Fast vs powerful: A smaller model for quick tasks and a large one for complex reasoning -- small model loads in seconds, large one needs more time and VRAM.
Text vs multimodal: A text-only model for coding and a vision model for image analysis -- vision model needs --mmproj, which adds VRAM overhead.

If you only run one model at a time and don't change server flags between models, you don't need this extension.

Install

pi install npm:pi-llama-switch

Then restart your Pi session.

Config

Copy examples/model-switcher.json to ~/.pi/agent/model-switcher.json and edit:

{
  "server": {
    "host": "127.0.0.1",
    "port": 8080,
    "healthTimeout": 60,
    "portReleaseTimeout": 15
  },
  "defaultModel": "qwen",
  "models": {
    "qwen": {
      "name": "Qwen3.6 35B-A3B",
      "description": "Coding/Reasoning",
      "command": [
        "llama-server",
        "-m", "~/models/qwen/Qwen3.6-35B-A3B.gguf",
        "-ngl", "999",
        "--flash-attn", "on",
        "--cache-type-k", "q8_0",
        "--cache-type-v", "q8_0",
        "--ctx-size", "8192",
        "--parallel", "1",
        "--host", "127.0.0.1",
        "--port", "8080"
      ],
      "vision": false,
      "contextWindow": 8192,
      "maxTokens": 4096,
      "tags": ["coding", "reasoning"]
    }
  }
}

vLLM

The extension should also work with vLLM. See examples/model-switcher-vllm.json for a full example:

{
  "server": {
    "host": "127.0.0.1",
    "port": 8000,
    "healthTimeout": 120,
    "portReleaseTimeout": 15
  },
  "defaultModel": "qwen",
  "models": {
    "qwen": {
      "name": "Qwen3.6-35B-A3B",
      "description": "Coding/Reasoning",
      "command": [
        "python3", "-m", "vllm.entrypoints.openai.api_server",
        "--model", "~/models/qwen/Qwen3.6-35B-A3B",
        "--tensor-parallel-size", "1",
        "--gpu-memory-utilization", "0.9",
        "--max-model-len", "8192",
        "--host", "127.0.0.1",
        "--port", "8000"
      ],
      "vision": false,
      "contextWindow": 8192,
      "maxTokens": 4096,
      "tags": ["coding", "reasoning"]
    }
  }
}

vLLM support is verified against docs but not tested end-to-end.

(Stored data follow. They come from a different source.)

definition Jproc :: "'a measure \<Rightarrow> (real \<Rightarrow> 'a measure) \<Rightarrow> (real \<Rightarrow> 'a \<Rightarrow> real) \<Rightarrow> real \<Rightarrow> 'a \<Rightarrow> real" where
  "Jproc M F X t = real_cond_exp M (F t) (\<lambda>\<omega>. LINT s:{t..}|lborel. X s \<omega>)"

definition proc_le :: "'a measure \<Rightarrow> (real \<Rightarrow> 'a \<Rightarrow> real) \<Rightarrow> (real \<Rightarrow> 'a \<Rightarrow> real) \<Rightarrow> bool" where
  "proc_le M X Y \<longleftrightarrow> (\<forall>t\<ge>0. AE \<omega> in M. X t \<omega> \<le> Y t \<omega>)"

definition SO :: "'a measure \<Rightarrow> (real \<Rightarrow> 'a measure) \<Rightarrow> real \<Rightarrow> real \<Rightarrow> (real \<Rightarrow> 'a \<Rightarrow> real) \<Rightarrow> bool" where
  "SO M F k K X \<longleftrightarrow> prog_pos M F X \<and> finite_total M X
     \<and> proc_le M (\<lambda>t \<omega>. k * Jproc M F X t \<omega>) X
     \<and> proc_le M X (\<lambda>t \<omega>. K * Jproc M F X t \<omega>)"

definition I_EZ :: "'a measure \<Rightarrow> (real \<Rightarrow> 'a measure) \<Rightarrow> real \<Rightarrow> (real \<Rightarrow> 'a \<Rightarrow> real) \<Rightarrow> (real \<Rightarrow> 'a \<Rightarrow> real) \<Rightarrow> bool" where
  "I_EZ M F \<theta> U W \<longleftrightarrow> prog_nonneg M F W
     \<and> finite_total M (\<lambda>s \<omega>. U s \<omega> * W s \<omega> powr ((\<theta> - 1) / \<theta>))"

definition F_EZ :: "'a measure \<Rightarrow> (real \<Rightarrow> 'a measure) \<Rightarrow> real \<Rightarrow> real \<Rightarrow> (real \<Rightarrow> 'a \<Rightarrow> real) \<Rightarrow> (real \<Rightarrow> 'a \<Rightarrow> real) \<Rightarrow> real \<Rightarrow> 'a \<Rightarrow> real" where
  "F_EZ M F \<theta> \<epsilon> U W =
     Jproc M F (\<lambda>s \<omega>. U s \<omega> * W s \<omega> powr ((\<theta> - 1) / \<theta>) + \<epsilon> * U s \<omega> powr \<theta>)"

definition is_fixed_point_EZ :: "'a measure \<Rightarrow> (real \<Rightarrow> 'a measure) \<Rightarrow> real \<Rightarrow> real \<Rightarrow> (real \<Rightarrow> 'a \<Rightarrow> real) \<Rightarrow> (real \<Rightarrow> 'a \<Rightarrow> real) \<Rightarrow> bool" where
  "is_fixed_point_EZ M F \<theta> \<epsilon> U W \<longleftrightarrow> I_EZ M F \<theta> U W
     \<and> (\<forall>t\<ge>0. AE \<omega> in M. W t \<omega> = F_EZ M F \<theta> \<epsilon> U W t \<omega>)"

end

theory Submission
  imports Defs
begin

(* Write V = U^\<theta> and J = J^V, so that k J \<le> V \<le> K J. Because U (c V)^\<rho> = c^\<rho> V, the fixed point
   equation W = J^(U W^\<rho> + \<epsilon> V) improves constants: c J \<le> W gives ((c/K)^\<rho> + \<epsilon>) J \<le> W, and
   W \<le> c J gives W \<le> ((c/k)^\<rho> + \<epsilon>) J. The admissible lower constants form a closed bounded set,
   so its supremum c is admissible and satisfies (c/K)^\<rho> + \<epsilon> \<le> c; since x \<mapsto> (x^\<rho> + \<epsilon>)/x is
   strictly decreasing, c/K \<ge> A. Symmetrically the least upper constant is at most k B. This yields
   the sharper bounds K A J \<le> W \<le> k B J. *)

definition joint_fun :: "(real \<Rightarrow> 'a \<Rightarrow> real) \<Rightarrow> 'a \<times> real \<Rightarrow> real" where
  "joint_fun X = (\<lambda>(\<omega>, s). X s \<omega> * indicator {0..} s)"

lemma joint_fun_comp2:
  assumes "h 0 0 = 0"
  shows "joint_fun (\<lambda>s \<omega>. h (X s \<omega>) (Y s \<omega>)) = (\<lambda>p. h (joint_fun X p) (joint_fun Y p))"
  using assms by (auto simp: joint_fun_def indicator_def fun_eq_iff)

lemma joint_fun_cmult: "joint_fun (\<lambda>s \<omega>. c * X s \<omega>) = (\<lambda>p. c * joint_fun X p)"
  by (auto simp: joint_fun_def fun_eq_iff)

lemma truncated_progressive_measurable:
  fixes X :: "real \<Rightarrow> 'a \<Rightarrow> real" and T :: real
  assumes sub: "subalgebra M G"
    and X: "(\<lambda>p. X (fst p) (snd p)) \<in> borel_measurable (restrict_space borel {0..T} \<Otimes>\<^sub>M G)"
  shows "(\<lambda>(\<omega>, s). X s \<omega> * indicator {0..T} s) \<in> borel_measurable (M \<Otimes>\<^sub>M lborel)"
proof -
  define S where "S = space M \<times> {0..T}"
  have "S \<in> sets (M \<Otimes>\<^sub>M lborel)"
    unfolding S_def by (intro pair_measureI) (auto intro: borel_closed)
  then have S_sets: "S \<inter> space (M \<Otimes>\<^sub>M lborel) \<in> sets (M \<Otimes>\<^sub>M lborel)"
    by simp
  have "measurable M M \<subseteq> measurable M G"
    using sub by (intro measurable_mono) (auto simp: subalgebra_def)
  then have "(\<lambda>x. x) \<in> measurable M G"
    using measurable_ident_sets[of M M] by auto
  then have "fst \<in> measurable (M \<Otimes>\<^sub>M lborel) G"
    using measurable_compose[OF measurable_fst] by auto
  then have "(\<lambda>(\<omega>, s). (s, \<omega>)) \<in> measurable (restrict_space (M \<Otimes>\<^sub>M lborel) S) (restrict_space borel {0..T} \<Otimes>\<^sub>M G)"
    by (intro measurable_pair measurable_restrict_space2 measurable_restrict_space1)
       (auto simp: S_def space_restrict_space space_pair_measure o_def split_beta)
  from measurable_comp[OF this X]
  have "(\<lambda>(\<omega>, s). X s \<omega>) \<in> borel_measurable (restrict_space (M \<Otimes>\<^sub>M lborel) S)"
    by (simp add: o_def split_beta)
  then have "(\<lambda>p. indicator S p *\<^sub>R (\<lambda>(\<omega>, s). X s \<omega>) p) \<in> borel_measurable (M \<Otimes>\<^sub>M lborel)"
    using borel_measurable_restrict_space_iff[OF S_sets] by blast
  then show ?thesis
    by (rule measurable_cong[THEN iffD1, rotated]) (auto simp: S_def space_pair_measure indicator_def)
qed

lemma progressive_joint_fun_measurable:
  assumes sub: "\<And>t. 0 \<le> t \<Longrightarrow> subalgebra M (F t)" and X: "progressive M F X"
  shows "joint_fun X \<in> borel_measurable (M \<Otimes>\<^sub>M lborel)"
proof (rule borel_measurable_LIMSEQ_real[where u = "\<lambda>n (\<omega>, s). X s \<omega> * indicator {0..real n} s"])
  fix p :: "'a \<times> real"
  obtain \<omega> s where p: "p = (\<omega>, s)" by (cases p)
  obtain N :: nat where "s \<le> real N" using real_arch_simple by blast
  then have "\<forall>\<^sub>F n in sequentially. X s \<omega> * indicator {0..real n} s = joint_fun X p"
    unfolding p joint_fun_def eventually_sequentially
    by (intro exI[of _ N]) (auto simp: indicator_def)
  then show "(\<lambda>n. (\<lambda>(\<omega>, s). X s \<omega> * indicator {0..real n} s) p) \<longlonglongrightarrow> joint_fun X p"
    by (simp add: p tendsto_eventually)
next
  show "(\<lambda>(\<omega>, s). X s \<omega> * indicator {0..real n} s) \<in> borel_measurable (M \<Otimes>\<^sub>M lborel)" for n
    using truncated_progressive_measurable[OF sub[of "real n"]] X unfolding progressive_def by simp
qed

lemma integrable_joint_fun:
  assumes meas: "joint_fun X \<in> borel_measurable (M \<Otimes>\<^sub>M lborel)"
    and nonneg: "\<And>\<omega> s. \<omega> \<in> space M \<Longrightarrow> 0 \<le> s \<Longrightarrow> 0 \<le> X s \<omega>"
    and fin: "finite_total M X"
  shows "integrable (M \<Otimes>\<^sub>M lborel) (joint_fun X)"
  unfolding integrable_iff_bounded
proof
  have "(\<integral>\<^sup>+p. ennreal (norm (joint_fun X p)) \<partial>(M \<Otimes>\<^sub>M lborel))
      = (\<integral>\<^sup>+\<omega>. \<integral>\<^sup>+s. ennreal (norm (joint_fun X (\<omega>, s))) \<partial>lborel \<partial>M)"
    using meas by (intro lborel.nn_integral_fst[symmetric]) simp
  also have "\<dots> = (\<integral>\<^sup>+\<omega>. \<integral>\<^sup>+s. ennreal (X s \<omega>) * indicator {0..} s \<partial>lborel \<partial>M)"
    using nonneg by (intro nn_integral_cong) (auto simp: joint_fun_def indicator_def)
  also have "\<dots> < \<infinity>"
    using fin by (simp add: finite_total_def)
  finally show "(\<integral>\<^sup>+p. ennreal (norm (joint_fun X p)) \<partial>(M \<Otimes>\<^sub>M lborel)) < \<infinity>" .
qed (rule meas)

lemma tail_integral_integrable:
  assumes M: "sigma_finite_measure M" and X: "integrable (M \<Otimes>\<^sub>M lborel) (joint_fun X)"
    and t: "0 \<le> t"
  shows "AE \<omega> in M. set_integrable lborel {t..} (\<lambda>s. X s \<omega>)"
    and "integrable M (\<lambda>\<omega>. LINT s:{t..}|lborel. X s \<omega>)"
proof -
  interpret pair_sigma_finite M lborel
    using M by (simp add: pair_sigma_finite_def lborel.sigma_finite_measure_axioms)
  have "space M \<times> {t..} \<in> sets (M \<Otimes>\<^sub>M lborel)"
    by (intro pair_measureI) auto
  from integrable_mult_indicator[OF this X]
  have "integrable (M \<Otimes>\<^sub>M lborel) (\<lambda>p. indicator {t..} (snd p) *\<^sub>R X (snd p) (fst p))"
    by (rule Bochner_Integration.integrable_cong[OF refl, THEN iffD1, rotated])
       (use t in \<open>auto simp: joint_fun_def indicator_def space_pair_measure\<close>)
  from AE_integrable_fst'[OF this] integrable_fst'[OF this]
  show "AE \<omega> in M. set_integrable lborel {t..} (\<lambda>s. X s \<omega>)"
    and "integrable M (\<lambda>\<omega>. LINT s:{t..}|lborel. X s \<omega>)"
    by (simp_all add: set_integrable_def set_lebesgue_integral_def)
qed

lemma AE_AE_lborel_le:
  fixes X Y :: "real \<Rightarrow> 'a \<Rightarrow> real"
  assumes M: "sigma_finite_measure M"
    and X: "joint_fun X \<in> borel_measurable (M \<Otimes>\<^sub>M lborel)"
    and Y: "joint_fun Y \<in> borel_measurable (M \<Otimes>\<^sub>M lborel)"
    and le: "\<And>s. 0 \<le> s \<Longrightarrow> AE \<omega> in M. X s \<omega> \<le> Y s \<omega>"
  shows "AE \<omega> in M. AE s in lborel. 0 \<le> s \<longrightarrow> X s \<omega> \<le> Y s \<omega>"
proof -
  interpret pair_sigma_finite M lborel
    using M by (simp add: pair_sigma_finite_def lborel.sigma_finite_measure_axioms)
  have eq: "joint_fun X (\<omega>, s) \<le> joint_fun Y (\<omega>, s) \<longleftrightarrow> (0 \<le> s \<longrightarrow> X s \<omega> \<le> Y s \<omega>)" for \<omega> s
    by (auto simp: joint_fun_def indicator_def)
  have "Measurable.pred (M \<Otimes>\<^sub>M lborel) (\<lambda>p. joint_fun X p \<le> joint_fun Y p)"
    using X Y by measurable
  then have "{p \<in> space (M \<Otimes>\<^sub>M lborel). joint_fun X (fst p, snd p) \<le> joint_fun Y (fst p, snd p)}
      \<in> sets (M \<Otimes>\<^sub>M lborel)"
    by (simp add: pred_def)
  note commute = AE_commute[OF this]
  have "AE s in lborel. AE \<omega> in M. joint_fun X (\<omega>, s) \<le> joint_fun Y (\<omega>, s)"
  proof (rule AE_I2)
    fix s :: real
    show "AE \<omega> in M. joint_fun X (\<omega>, s) \<le> joint_fun Y (\<omega>, s)"
      using le[of s] by (cases "0 \<le> s") (simp_all add: eq)
  qed
  then have "AE \<omega> in M. AE s in lborel. joint_fun X (\<omega>, s) \<le> joint_fun Y (\<omega>, s)"
    by (rule commute[THEN iffD2])
  then show ?thesis
    by (simp add: eq)
qed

The health endpoint and OpenAI-compatible API are standard. Report issues if you test this.

Config fields

Field	Required	Description
`server.host`	yes	Server bind address
`server.port`	yes	Server port
`server.healthTimeout`	no	Seconds to wait for `/health` (default: 60)
`server.portReleaseTimeout`	no	Seconds to wait for port release after stop (default: 30)
`defaultModel`	no	Model key active on startup (default: first model)
`models.<key>.name`	yes	Display name
`models.<key>.description`	yes	Short description
`models.<key>.command`	yes	Array-style command (no shell parsing needed)
`models.<key>.vision`	no	Whether model supports images (default: false)
`models.<key>.contextWindow`	no	Max context tokens for Pi (default: 8192)
`models.<key>.maxTokens`	no	Max output tokens for Pi (default: 4096)
`models.<key>.tags`	no	Tags for filtering (default: [])

Commands

Command	Description
`/switch`	Interactive model picker
`/switch qwen`	Switch directly to model key
`/switch list`	Print all available models
`/switch status`	Show active model + server health
`/switch reload`	Re-read config file
`/switch logs`	Tail the last 50 lines of the log

Tool

The model_switch tool lets the LLM switch models programmatically:

model_switch({
  model: "qwen",        // model key from config
  dryRun: false         // optional: print command without executing
})

Schema

model_switch({
  model: string,         // required: model key
  dryRun?: boolean,      // optional: preview mode
})

Returns:

{
  content: [{ type: "text", text: string }],
  details: {
    switched: boolean,
    model: string,
    name: string,
    contextWindow: number,
    error?: string,
  }
}

How it works

Stops the current server via SIGTERM (tracked PID, not pkill)
Waits for the port to be released
Spawns a new server with the model's command array
Polls /health until status === "ok" (or errors immediately on status: "error")
Registers the new model with Pi's provider system

Troubleshooting

Startup timeout: Increase server.healthTimeout in your config. Large models on low VRAM can take 60+ seconds to load. vLLM models may need even longer for initial weight loading.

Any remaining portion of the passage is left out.